Boil water in a medium saucepan with kosher salt, and slowly stir in polenta. Cook for 15-20 minutes, stirring constantly. Slowly pour in the milk and continue to cook until polenta is creamy and smooth. Stir in butter and grated Parmesan until well incorporated. Pour polenta into the parchment lined baking pan and spread the top so it’s smooth. Wrap up polenta and place in the refrigerator for about an hour, or until polenta has hardened. Take the polenta out of the pan, with the parchment still attached and cut into rounds with a 2 inch biscuit cutter. Place rounds on another parchment lined baking pan and drizzle with olive oil and set aside.
Heat grill pan on medium high heat. Drizzle pan with olive oil and carefully place rounds on top, making sure not to overcrowd pan.
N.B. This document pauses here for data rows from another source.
(* Let $\lambda_1,\lambda_2$ be as in the context, $K\in(-1,1)$, and let $b:\mathbb{R}\to\mathbb{R}$ be the solution of $b'(v)=\sqrt{\lambda_1^2-K(\lambda_1^2\cos^2 b(v)+\lambda_2^2\sin^2 b(v))}$, $b(0)=0$. Define $g:\mathbb{C}\to\mathbb{C}$ by $g(u+iv)=e^{-\lambda_1u}e^{ib(v)}$. Then $g$ satisfies $$g_{z\bar z}=\frac{2\left[\lambda_1^2(g+\bar g)-\lambda_2^2(g-\bar g)\right]}{\lambda_1^2(g+\bar g)^2-\lambda_2^2(g-\bar g)^2}\,g_zg_{\bar z},$$ and its Hopf differential is $Q=\frac{K}{16}\,dz^2$.
   Context: Either $\lambda_1>\lambda_2>0$ or $\lambda_1=\lambda_2=1$. Here $z=u+iv$, $g_z=\frac12(g_u-ig_v)$, $g_{\bar z}=\frac12(g_u+ig_v)$. The Hopf differential associated to $g$ is the quadratic differential $Q=\dfrac{g_z\bar g_z}{\lambda_1^2(g+\bar g)^2-\lambda_2^2(g-\bar g)^2}\,dz^2$, where $\bar g_z=\partial_z(\bar g)$. *)

theory Defs
  imports "HOL-Analysis.Analysis"
begin

definition d_u :: "(complex \<Rightarrow> complex) \<Rightarrow> complex \<Rightarrow> complex" where
  "d_u f z = vector_derivative (\<lambda>t::real. f (z + complex_of_real t)) (at 0)"

definition d_v :: "(complex \<Rightarrow> complex) \<Rightarrow> complex \<Rightarrow> complex" where
  "d_v f z = vector_derivative (\<lambda>t::real. f (z + \<i> * complex_of_real t)) (at 0)"

definition d_z :: "(complex \<Rightarrow> complex) \<Rightarrow> complex \<Rightarrow> complex" where
  "d_z f z = (d_u f z - \<i> * d_v f z) / 2"

definition d_zbar :: "(complex \<Rightarrow> complex) \<Rightarrow> complex \<Rightarrow> complex" where
  "d_zbar f z = (d_u f z + \<i> * d_v f z) / 2"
Cook polenta rounds until each side forms a crust, about 4-5 minutes per side. Place polenta rounds back on baking sheet and set aside.
Meanwhile, cook mushrooms in a medium skillet over medium-high heat until mushrooms have softened, about 5-7 minutes. Add extra virgin olive oil, chopped garlic and cook for another minute. Stir in 1 tablespoon chopped Italian parsley. Meanwhile place porcini mushroom sauce in a small saucepan and heat over low heat to warm through.
To assemble polenta rounds, dollop a heaping tablespoon of the warm Porcini Mushroom sauce on top of each polenta round. Top with about 2 sautéed mushrooms and finish with a slice of Parmesan cheese. Continue until all polenta rounds are covered. Sprinkle fresh chopped parsley on top of the polenta rounds and serve warm.